La noche que me entregué al novio de mi mejor amiga

Me llamo Renata y esto pasó hace poco más de un año, cuando todavía me convencía de que lo mío con mi esposo se podía arreglar. Tengo veintisiete años, soy delgada, de piel clara y cabello castaño que casi nunca me molesto en peinar. Estoy casada con un hombre de treinta y cuatro al que dejé de desear sin darme cuenta del momento exacto en que ocurrió. No fue una pelea ni una traición; fue algo más lento y más triste, un goteo de noches en las que cada uno miraba su teléfono dándole la espalda al otro hasta que el silencio se volvió costumbre.

Para que entiendan: llevábamos tres meses sin tocarnos. Lo único que quedaba entre nosotros era que de vez en cuando lo masturbaba antes de dormir, casi por costumbre, sin que él me devolviera nada. La verdad es que tampoco lo dejaba. Pero cuando me quedaba sola, leía cosas en internet y me tocaba imaginando que era yo la del relato. Un par de veces él me descubrió, y para que no preguntara demasiado le repetía lo que había leído mientras lo acariciaba. Se venía rapidísimo. Yo me quedaba con las ganas intactas.

Esa noche salí de antro con mis amigas. Mi marido se había ido con los suyos, así que no había nada que vigilar. Fuimos a un lugar que acababan de abrir cerca del centro, de esos con luces moradas y música tan fuerte que tenías que gritar al oído para que te oyeran. Bebíamos, bailábamos y decíamos puras tonterías. Varios tipos se acercaban a invitarnos tragos y ninguna aceptaba.

En algún momento la plática se puso pesada, de esas que solo se dan entre mujeres con varios tragos encima. Carla, una de mis amigas, contó sin pudor que su novio la tenía enorme y que cogían sin condón porque a ella le encantaba sentirlo así. Yo me moría de envidia. Cuando confesé que llevaba tres meses en seco, todas se rieron.

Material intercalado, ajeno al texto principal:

(* Let $G$ be a finite group and $\omega$ a normalized $3$-cocycle on $G$ with values in $\mathbb C^\times$. For $x\in G$ let $V_x$ be the one-dimensional simple $H(G,\omega)$-module with character $\chi_x$ (evaluation at $x$, i.e. $\chi_x(e(g))=\delta_{g,x}$). Then for every positive integer $n$, $$\nu_n(V_x)=\delta_{x^n,1}\prod_{r=1}^{n-1}\omega(x,x^r,x).$$ In particular $\nu_n(V_x)=0$ if $n$ is not a multiple of the order $o(x)$ of $x$; $\nu_{o(x)}(V_x)$ is a root of unity whose order equals the order of the cohomology class $\mathrm{res}_{\langle x\rangle}[\omega]\in H^3(\langle x\rangle,\mathbb C^\times)$; and $\nu_{s\cdot o(x)}(V_x)=\nu_{o(x)}(V_x)^s$ for all $s\in\mathbb N$.
   Context: $H(G,\omega)=(\mathbb C[G]^*,\Delta,\epsilon,\phi,\alpha,\beta,S)$ is the quasi-Hopf algebra whose algebra, comultiplication, counit and antipode are those of the commutative Hopf algebra $\mathbb C[G]^*$ of functions on $G$ (with basis $\{e(g)\}_{g\in G}$ dual to $G$, $e(g)e(h)=\delta_{g,h}e(g)$, $\Delta(e(g))=\sum_{ab=g}e(a)\otimes e(b)$, $\epsilon(e(g))=\delta_{g,1}$, $S(e(g))=e(g^{-1})$), and $\phi=\sum_{a,b,c\in G}\omega(a,b,c)e(a)\otimes e(b)\otimes e(c)$, $\alpha=1$, $\beta=\sum_a\omega(a,a^{-1},a)^{-1}e(a)$. For a finite-dimensional module $W$ over a semisimple quasi-Hopf algebra $A=(A,\Delta,\epsilon,\phi,\alpha,\beta,S)$ over $\mathbb C$, $\nu_n(W)$ is the $n$-th Frobenius–Schur indicator defined in the category $\mathcal C(A)$ of finite-dimensional $A$-modules (tensor via $\Delta$, unit $I=\mathbb C$, associativity $\Phi$ = action of $\phi$, left dual with $\mathrm{ev}(f\otimes w)=f(\alpha w)$, $\mathrm{db}(1)=\sum_i\beta w_i\otimes w^i$, action on $W^\vee$ via $S$) with pivotal structure $j$ the unique monoidal natural isomorphism $\mathrm{Id}\to(-)^{\vee\vee}$ with $\mathrm{ev}\circ(j_W\otimes\mathrm{id})\circ\mathrm{db}=\dim W$: $\nu_n(W)=\mathrm{Tr}(E_W^{(n)})$, where $E_W^{(n)}=\mathrm{Hom}(I,\Phi^{(n)})\circ A^{-1}\circ T\circ A$ on $\mathrm{Hom}(I,W^{\otimes n})$ (rightmost bracketing), $A(f)=(\mathrm{ev}\otimes\mathrm{id})\Phi^{-1}(\mathrm{id}_{W^\vee}\otimes f)$ for $f\in\mathrm{Hom}(I,W\otimes W^{\otimes(n-1)})$, $T(g)=j_W^{-1}\circ g^\vee$, $\Phi^{(1)}=\mathrm{id}$, $\Phi^{(n+1)}=(\mathrm{id}\otimes\Phi^{(n)})\circ\Phi$. *)

theory Defs
  imports "HOL-Algebra.Multiplicative_Group"
begin

(* A module over the commutative semisimple algebra C[G]^* is the same as a
   G-graded vector space; we represent a module (up to isomorphism) by a
   finite homogeneous basis (a set of abstract indices) together with the
   degree of each basis vector: e(g) acts on a basis vector of degree h by
   delta_{g,h}.  Linear maps are matrices  tgt-index => src-index => complex.
   ------------------------------------------------------------------------ *)

datatype idx = Leaf nat | Unit | Pair idx idx | Dual idx

type_synonym 'g obj = "idx set \<times> (idx \<Rightarrow> 'g)"
type_synonym mat = "idx \<Rightarrow> idx \<Rightarrow> complex"

definition bas :: "'g obj \<Rightarrow> idx set" where "bas X = fst X"
definition dg :: "'g obj \<Rightarrow> idx \<Rightarrow> 'g" where "dg X = snd X"

text \<open>Unit object I = C (trivial module via the counit).\<close>
definition unito :: "('g,'b) monoid_scheme \<Rightarrow> 'g obj" where
  "unito G = ({Unit}, \<lambda>_. \<one>\<^bsub>G\<^esub>)"

text \<open>Tensor product of modules via Delta(e(g)) = sum_{ab=g} e(a) (x) e(b).\<close>
definition tens :: "('g,'b) monoid_scheme \<Rightarrow> 'g obj \<Rightarrow> 'g obj \<Rightarrow> 'g obj" where
  "tens G X Y = ({Pair a b | a b. a \<in> bas X \<and> b \<in> bas Y},
     (\<lambda>i. case i of Pair a b \<Rightarrow> dg X a \<otimes>\<^bsub>G\<^esub> dg Y b | _ \<Rightarrow> \<one>\<^bsub>G\<^esub>))"

text \<open>Left dual module, action via the antipode S(e(g)) = e(g^-1):
  the dual basis vector of a basis vector of degree g has degree g^-1.\<close>
definition dualo :: "('g,'b) monoid_scheme \<Rightarrow> 'g obj \<Rightarrow> 'g obj" where
  "dualo G X = (Dual ` bas X,
     (\<lambda>i. case i of Dual a \<Rightarrow> inv\<^bsub>G\<^esub> (dg X a) | _ \<Rightarrow> \<one>\<^bsub>G\<^esub>))"

definition dimo :: "'g obj \<Rightarrow> nat" where "dimo X = card (bas X)"

definition hom :: "'g obj \<Rightarrow> 'g obj \<Rightarrow> mat set" where
  "hom X Y = {m. \<forall>t s. m t s \<noteq> 0 \<longrightarrow> t \<in> bas Y \<and> s \<in> bas X \<and> dg Y t = dg X s}"

definition idm :: "'g obj \<Rightarrow> mat" where
  "idm X = (\<lambda>t s. if s \<in> bas X \<and> t = s then 1 else 0)"

text \<open>Composition m o n, where n : X -> Y and m : Y -> Z.\<close>
definition comp :: "'g obj \<Rightarrow> mat \<Rightarrow> mat \<Rightarrow> mat" where
  "comp Y m n = (\<lambda>t s. \<Sum>k\<in>bas Y. m t k * n k s)"

definition tensm :: "mat \<Rightarrow> mat \<Rightarrow> mat" where
  "tensm f g = (\<lambda>t s. case (t, s) of (Pair t1 t2, Pair s1 s2) \<Rightarrow> f t1 s1 * g t2 s2 | _ \<Rightarrow> 0)"

text \<open>Associativity constraint Phi : (X (x) Y) (x) Z -> X (x) (Y (x) Z), the action of phi.\<close>
definition assoc :: "('g,'b) monoid_scheme \<Rightarrow> ('g \<Rightarrow> 'g \<Rightarrow> 'g \<Rightarrow> complex)
    \<Rightarrow> 'g obj \<Rightarrow> 'g obj \<Rightarrow> 'g obj \<Rightarrow> mat" where
  "assoc G \<omega> X Y Z = (\<lambda>t s. case (t, s) of
     (Pair a (Pair b c), Pair (Pair a' b') c') \<Rightarrow>
        if a = a' \<and> b = b' \<and> c = c' \<and> a \<in> bas X \<and> b \<in> bas Y \<and> c \<in> bas Z
        then \<omega> (dg X a) (dg Y b) (dg Z c) else 0
   | _ \<Rightarrow> 0)"

definition assoc_inv :: "('g,'b) monoid_scheme \<Rightarrow> ('g \<Rightarrow> 'g \<Rightarrow> 'g \<Rightarrow> complex)
    \<Rightarrow> 'g obj \<Rightarrow> 'g obj \<Rightarrow> 'g obj \<Rightarrow> mat" where
  "assoc_inv G \<omega> X Y Z = (\<lambda>t s. case (t, s) of
     (Pair (Pair a b) c, Pair a' (Pair b' c')) \<Rightarrow>
        if a = a' \<and> b = b' \<and> c = c' \<and> a \<in> bas X \<and> b \<in> bas Y \<and> c \<in> bas Z
        then inverse (\<omega> (dg X a) (dg Y b) (dg Z c)) else 0
   | _ \<Rightarrow> 0)"
lemma group_wr_group:
  assumes "group (perm_grp G)"
  shows "group (wr_group G d)"
proof -
  interpret P: group "perm_grp G" by fact
  have closed: "f \<circ> g \<in> G" if "f \<in> G" "g \<in> G" for f g
    using P.m_closed[of g f] that by (simp add: perm_grp_def)
  have inverse: "inv\<^bsub>perm_grp G\<^esub> f \<in> G \<and> f \<circ> inv\<^bsub>perm_grp G\<^esub> f = id" if "f \<in> G" for f
    using P.inv_closed[of f] P.l_inv[of f] that by (simp add: perm_grp_def)
  show ?thesis
  proof (rule groupI)
    fix x y assume "x \<in> carrier (wr_group G d)" "y \<in> carrier (wr_group G d)"
    then obtain \<sigma> g \<tau> h where "x = (\<sigma>, g)" "y = (\<tau>, h)"
      "(\<sigma>, g) \<in> wr_carrier G d" "(\<tau>, h) \<in> wr_carrier G d"
      by (cases x, cases y) (auto simp: wr_group_def)
    then show "x \<otimes>\<^bsub>wr_group G d\<^esub> y \<in> carrier (wr_group G d)"
      by (auto simp: wr_group_def mem_wr_carrier_iff wr_mult_permutes permutes_compose closed
          intro!: permutes_lessThan_less[OF permutes_inv] simp del: wr_mult.simps)
  next
    show "\<one>\<^bsub>wr_group G d\<^esub> \<in> carrier (wr_group G d)"
      using P.one_closed by (simp add: wr_group_def mem_wr_carrier_iff perm_grp_def)
  next
    fix x y z assume "x \<in> carrier (wr_group G d)" "y \<in> carrier (wr_group G d)" "z \<in> carrier (wr_group G d)"
    then show "x \<otimes>\<^bsub>wr_group G d\<^esub> y \<otimes>\<^bsub>wr_group G d\<^esub> z = x \<otimes>\<^bsub>wr_group G d\<^esub> (y \<otimes>\<^bsub>wr_group G d\<^esub> z)"
      by (cases x, cases y, cases z) (simp add: wr_group_def mem_wr_carrier_iff wr_mult_assoc del: wr_mult.simps)
  next
    fix x assume "x \<in> carrier (wr_group G d)"
    then show "\<one>\<^bsub>wr_group G d\<^esub> \<otimes>\<^bsub>wr_group G d\<^esub> x = x"
      by (cases x) (auto simp: wr_group_def mem_wr_carrier_iff fun_eq_iff)
  next
    fix x assume "x \<in> carrier (wr_group G d)"
    then obtain \<sigma> g where x: "x = (\<sigma>, g)" and \<sigma>: "\<sigma> permutes {..<d}"
      and g: "\<forall>i<d. g i \<in> G" "\<forall>i. d \<le> i \<longrightarrow> g i = id"
      by (cases x) (auto simp: wr_group_def mem_wr_carrier_iff)
    let ?y = "(Hilbert_Choice.inv \<sigma>, \<lambda>k. if k < d then inv\<^bsub>perm_grp G\<^esub> (g (\<sigma> k)) else id)"
    have "?y \<in> wr_carrier G d"
      using g inverse permutes_lessThan_less[OF \<sigma>] by (simp add: mem_wr_carrier_iff permutes_inv[OF \<sigma>])
    moreover have "wr_mult d ?y x = (id, \<lambda>_. id)"
      using g inverse permutes_lessThan_less[OF permutes_inv[OF \<sigma>]]
      by (auto simp: x wr_mult_permutes[OF \<sigma>] permutes_inv_o[OF \<sigma>] permutes_inverses[OF \<sigma>] fun_eq_iff
          simp del: wr_mult.simps)
    ultimately show "\<exists>y\<in>carrier (wr_group G d). y \<otimes>\<^bsub>wr_group G d\<^esub> x = \<one>\<^bsub>wr_group G d\<^esub>"
      by (auto simp: wr_group_def)
  qed
qed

—Agárrate a cualquiera del antro —me dijo Carla, dándome un codazo—. Nadie va a decir nada.

—Es que ninguno me llama la atención —contesté, y era cierto.

Lo que no le dije fue que no podía sacarme de la cabeza cómo sería su novio en la cama. Lo había visto en fotos, en alguna fiesta, siempre de lejos. Y esa noche, como si lo hubiera invocado, apareció.

Se llamaba Diego. Medía casi metro noventa, moreno, con esos brazos que se notaban incluso bajo la camisa y una voz grave que se imponía sobre la música. Venía con un amigo. Desde que cruzó la puerta no pude dejar de mirarlo, y él se dio cuenta enseguida. Me sostenía la mirada cada vez que yo creía estar siendo discreta, que no lo era.

O es el más cogelón de todos o es gay, y esta noche lo voy a averiguar.

No sé si Carla lo notó o si simplemente estaba demasiado feliz para fijarse. En ese punto a mí ya me daba igual. Cuando el ambiente se calentó y todos cantábamos lo que ponía el DJ, me las arreglé para bailar pegada a ella, con Diego justo detrás. Y entonces hice algo que ni yo me esperaba.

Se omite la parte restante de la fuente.